Work request
Go over the entries below line by line, copying each one that contains the word "times".

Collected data

****************************************

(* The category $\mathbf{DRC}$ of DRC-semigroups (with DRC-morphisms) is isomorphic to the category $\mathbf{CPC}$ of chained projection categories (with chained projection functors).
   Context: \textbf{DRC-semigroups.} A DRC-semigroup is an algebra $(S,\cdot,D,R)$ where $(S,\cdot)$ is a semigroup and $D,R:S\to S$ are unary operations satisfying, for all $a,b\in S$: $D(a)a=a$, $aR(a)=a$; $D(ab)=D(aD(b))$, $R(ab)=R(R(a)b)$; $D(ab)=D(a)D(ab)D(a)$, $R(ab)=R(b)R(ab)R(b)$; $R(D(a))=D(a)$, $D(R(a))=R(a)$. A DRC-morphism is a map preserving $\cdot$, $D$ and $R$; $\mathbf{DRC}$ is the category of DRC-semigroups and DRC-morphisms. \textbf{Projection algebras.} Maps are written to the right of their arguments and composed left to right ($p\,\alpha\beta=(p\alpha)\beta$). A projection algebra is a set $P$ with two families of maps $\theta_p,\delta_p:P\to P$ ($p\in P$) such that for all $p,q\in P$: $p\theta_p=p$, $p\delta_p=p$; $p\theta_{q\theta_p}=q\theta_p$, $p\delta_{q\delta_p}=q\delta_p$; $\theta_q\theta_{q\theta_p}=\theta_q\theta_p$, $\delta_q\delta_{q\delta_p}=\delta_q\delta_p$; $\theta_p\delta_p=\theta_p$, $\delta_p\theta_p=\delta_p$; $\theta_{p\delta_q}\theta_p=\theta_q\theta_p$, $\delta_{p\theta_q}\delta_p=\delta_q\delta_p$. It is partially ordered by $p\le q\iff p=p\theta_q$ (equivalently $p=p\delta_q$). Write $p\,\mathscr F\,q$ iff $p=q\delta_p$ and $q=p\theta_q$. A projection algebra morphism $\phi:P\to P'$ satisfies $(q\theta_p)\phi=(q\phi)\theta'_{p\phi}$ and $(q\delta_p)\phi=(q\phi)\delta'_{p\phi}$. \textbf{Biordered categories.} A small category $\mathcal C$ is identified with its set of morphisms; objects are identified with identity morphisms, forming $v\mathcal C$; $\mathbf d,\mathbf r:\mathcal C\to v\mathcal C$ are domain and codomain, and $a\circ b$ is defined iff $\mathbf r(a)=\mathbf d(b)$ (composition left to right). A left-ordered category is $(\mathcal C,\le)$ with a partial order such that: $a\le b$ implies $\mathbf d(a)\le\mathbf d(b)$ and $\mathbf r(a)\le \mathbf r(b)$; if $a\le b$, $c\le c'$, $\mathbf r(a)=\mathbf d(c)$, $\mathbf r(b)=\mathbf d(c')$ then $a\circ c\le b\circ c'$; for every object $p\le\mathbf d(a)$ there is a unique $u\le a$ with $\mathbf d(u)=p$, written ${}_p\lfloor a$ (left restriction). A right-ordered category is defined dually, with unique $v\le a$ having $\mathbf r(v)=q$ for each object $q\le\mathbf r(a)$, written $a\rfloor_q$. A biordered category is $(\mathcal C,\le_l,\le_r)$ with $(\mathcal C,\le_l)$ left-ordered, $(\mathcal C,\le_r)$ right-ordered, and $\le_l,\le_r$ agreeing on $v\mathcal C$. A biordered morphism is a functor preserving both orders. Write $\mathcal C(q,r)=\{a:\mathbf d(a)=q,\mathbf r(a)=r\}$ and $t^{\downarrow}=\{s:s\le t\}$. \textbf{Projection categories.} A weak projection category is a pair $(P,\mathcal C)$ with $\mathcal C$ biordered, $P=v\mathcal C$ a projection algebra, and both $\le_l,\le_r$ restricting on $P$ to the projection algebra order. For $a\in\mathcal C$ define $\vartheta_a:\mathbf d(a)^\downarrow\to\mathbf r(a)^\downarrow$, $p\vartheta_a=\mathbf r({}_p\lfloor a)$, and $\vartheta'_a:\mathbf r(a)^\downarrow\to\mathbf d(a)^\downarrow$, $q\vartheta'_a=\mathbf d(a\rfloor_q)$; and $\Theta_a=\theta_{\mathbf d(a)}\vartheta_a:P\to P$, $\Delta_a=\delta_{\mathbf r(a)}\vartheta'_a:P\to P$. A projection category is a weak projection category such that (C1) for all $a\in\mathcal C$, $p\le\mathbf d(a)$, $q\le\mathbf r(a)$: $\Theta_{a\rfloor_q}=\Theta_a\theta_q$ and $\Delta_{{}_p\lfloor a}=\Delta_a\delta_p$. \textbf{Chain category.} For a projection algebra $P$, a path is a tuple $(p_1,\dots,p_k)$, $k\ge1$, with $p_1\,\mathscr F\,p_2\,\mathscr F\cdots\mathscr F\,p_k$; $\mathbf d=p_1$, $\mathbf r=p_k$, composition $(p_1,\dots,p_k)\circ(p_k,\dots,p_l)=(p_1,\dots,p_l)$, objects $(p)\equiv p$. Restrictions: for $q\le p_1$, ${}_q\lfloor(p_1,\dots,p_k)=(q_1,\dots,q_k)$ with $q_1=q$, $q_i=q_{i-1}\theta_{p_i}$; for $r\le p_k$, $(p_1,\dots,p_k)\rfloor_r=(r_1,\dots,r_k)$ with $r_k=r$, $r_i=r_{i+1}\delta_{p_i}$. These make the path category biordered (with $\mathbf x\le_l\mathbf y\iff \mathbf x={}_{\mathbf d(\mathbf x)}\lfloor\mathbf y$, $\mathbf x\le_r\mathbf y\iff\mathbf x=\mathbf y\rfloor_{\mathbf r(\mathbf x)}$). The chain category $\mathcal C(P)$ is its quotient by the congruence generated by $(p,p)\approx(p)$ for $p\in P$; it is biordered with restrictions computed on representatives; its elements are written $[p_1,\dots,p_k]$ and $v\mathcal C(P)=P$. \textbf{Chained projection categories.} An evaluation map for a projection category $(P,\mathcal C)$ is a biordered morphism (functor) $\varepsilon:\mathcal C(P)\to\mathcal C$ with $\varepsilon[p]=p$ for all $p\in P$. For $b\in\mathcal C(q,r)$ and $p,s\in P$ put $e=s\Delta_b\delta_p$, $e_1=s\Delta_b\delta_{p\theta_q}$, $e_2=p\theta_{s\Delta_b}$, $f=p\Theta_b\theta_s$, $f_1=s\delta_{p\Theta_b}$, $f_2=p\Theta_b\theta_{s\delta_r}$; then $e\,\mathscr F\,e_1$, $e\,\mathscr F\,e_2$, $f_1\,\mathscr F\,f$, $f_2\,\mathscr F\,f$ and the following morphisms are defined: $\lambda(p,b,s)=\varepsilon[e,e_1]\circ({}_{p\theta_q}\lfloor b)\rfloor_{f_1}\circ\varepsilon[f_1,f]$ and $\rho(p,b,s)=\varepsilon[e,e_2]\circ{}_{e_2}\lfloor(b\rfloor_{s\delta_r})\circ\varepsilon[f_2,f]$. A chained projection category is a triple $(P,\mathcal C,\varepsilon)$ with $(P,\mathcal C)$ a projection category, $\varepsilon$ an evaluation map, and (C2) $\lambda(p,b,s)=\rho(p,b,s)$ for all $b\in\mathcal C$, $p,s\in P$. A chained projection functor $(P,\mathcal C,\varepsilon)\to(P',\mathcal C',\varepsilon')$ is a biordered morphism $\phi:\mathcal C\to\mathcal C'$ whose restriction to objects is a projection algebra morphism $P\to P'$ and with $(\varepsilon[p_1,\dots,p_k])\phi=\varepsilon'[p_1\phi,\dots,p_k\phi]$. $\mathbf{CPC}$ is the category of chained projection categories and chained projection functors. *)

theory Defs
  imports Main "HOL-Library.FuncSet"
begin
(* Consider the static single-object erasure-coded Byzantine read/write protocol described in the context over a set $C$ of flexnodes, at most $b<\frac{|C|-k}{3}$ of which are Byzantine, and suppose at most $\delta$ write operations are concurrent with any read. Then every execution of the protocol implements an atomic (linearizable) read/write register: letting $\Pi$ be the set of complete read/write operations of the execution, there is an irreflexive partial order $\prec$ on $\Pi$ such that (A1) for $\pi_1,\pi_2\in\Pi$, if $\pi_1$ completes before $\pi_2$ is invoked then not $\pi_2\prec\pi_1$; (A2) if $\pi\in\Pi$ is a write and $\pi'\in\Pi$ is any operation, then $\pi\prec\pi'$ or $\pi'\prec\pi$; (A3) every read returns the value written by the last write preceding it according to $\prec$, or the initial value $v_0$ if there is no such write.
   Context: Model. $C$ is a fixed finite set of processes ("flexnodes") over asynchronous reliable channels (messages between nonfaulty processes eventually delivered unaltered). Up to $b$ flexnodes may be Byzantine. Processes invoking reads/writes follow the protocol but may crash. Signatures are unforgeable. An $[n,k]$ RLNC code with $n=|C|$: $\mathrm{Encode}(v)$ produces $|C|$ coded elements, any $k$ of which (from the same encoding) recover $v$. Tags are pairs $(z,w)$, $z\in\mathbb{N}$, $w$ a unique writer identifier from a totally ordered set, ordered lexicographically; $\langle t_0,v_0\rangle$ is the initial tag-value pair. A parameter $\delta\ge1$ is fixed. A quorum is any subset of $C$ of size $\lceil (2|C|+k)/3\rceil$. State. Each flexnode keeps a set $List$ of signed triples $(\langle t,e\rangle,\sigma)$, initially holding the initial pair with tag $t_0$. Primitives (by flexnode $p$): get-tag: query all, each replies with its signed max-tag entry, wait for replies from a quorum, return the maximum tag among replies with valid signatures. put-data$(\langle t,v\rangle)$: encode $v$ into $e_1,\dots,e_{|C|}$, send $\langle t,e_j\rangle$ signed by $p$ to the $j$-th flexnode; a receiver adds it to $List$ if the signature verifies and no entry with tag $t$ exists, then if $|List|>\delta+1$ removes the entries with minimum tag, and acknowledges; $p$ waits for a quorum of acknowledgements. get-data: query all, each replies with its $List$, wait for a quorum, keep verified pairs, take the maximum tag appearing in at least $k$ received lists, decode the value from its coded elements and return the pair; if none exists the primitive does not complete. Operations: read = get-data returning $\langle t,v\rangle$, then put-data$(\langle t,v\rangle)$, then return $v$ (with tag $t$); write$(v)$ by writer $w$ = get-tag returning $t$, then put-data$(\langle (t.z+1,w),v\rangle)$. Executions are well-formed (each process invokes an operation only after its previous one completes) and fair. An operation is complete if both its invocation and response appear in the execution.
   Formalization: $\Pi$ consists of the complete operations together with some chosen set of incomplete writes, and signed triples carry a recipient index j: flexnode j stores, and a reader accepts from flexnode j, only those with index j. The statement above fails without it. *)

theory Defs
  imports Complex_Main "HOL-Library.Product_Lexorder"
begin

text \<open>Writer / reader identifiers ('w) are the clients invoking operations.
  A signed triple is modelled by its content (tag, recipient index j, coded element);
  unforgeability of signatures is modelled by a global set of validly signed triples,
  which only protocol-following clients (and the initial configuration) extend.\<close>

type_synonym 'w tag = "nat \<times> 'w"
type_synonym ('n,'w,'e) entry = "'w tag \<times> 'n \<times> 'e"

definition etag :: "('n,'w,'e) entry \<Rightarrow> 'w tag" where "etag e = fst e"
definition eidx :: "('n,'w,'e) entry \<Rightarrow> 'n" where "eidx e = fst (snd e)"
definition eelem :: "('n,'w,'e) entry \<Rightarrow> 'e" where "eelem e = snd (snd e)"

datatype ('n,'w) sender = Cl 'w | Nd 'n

****************************************

Your response
type_synonym 'w tag = "nat \<times> 'w"
type_synonym ('n,'w,'e) entry = "'w tag \<times> 'n \<times> 'e"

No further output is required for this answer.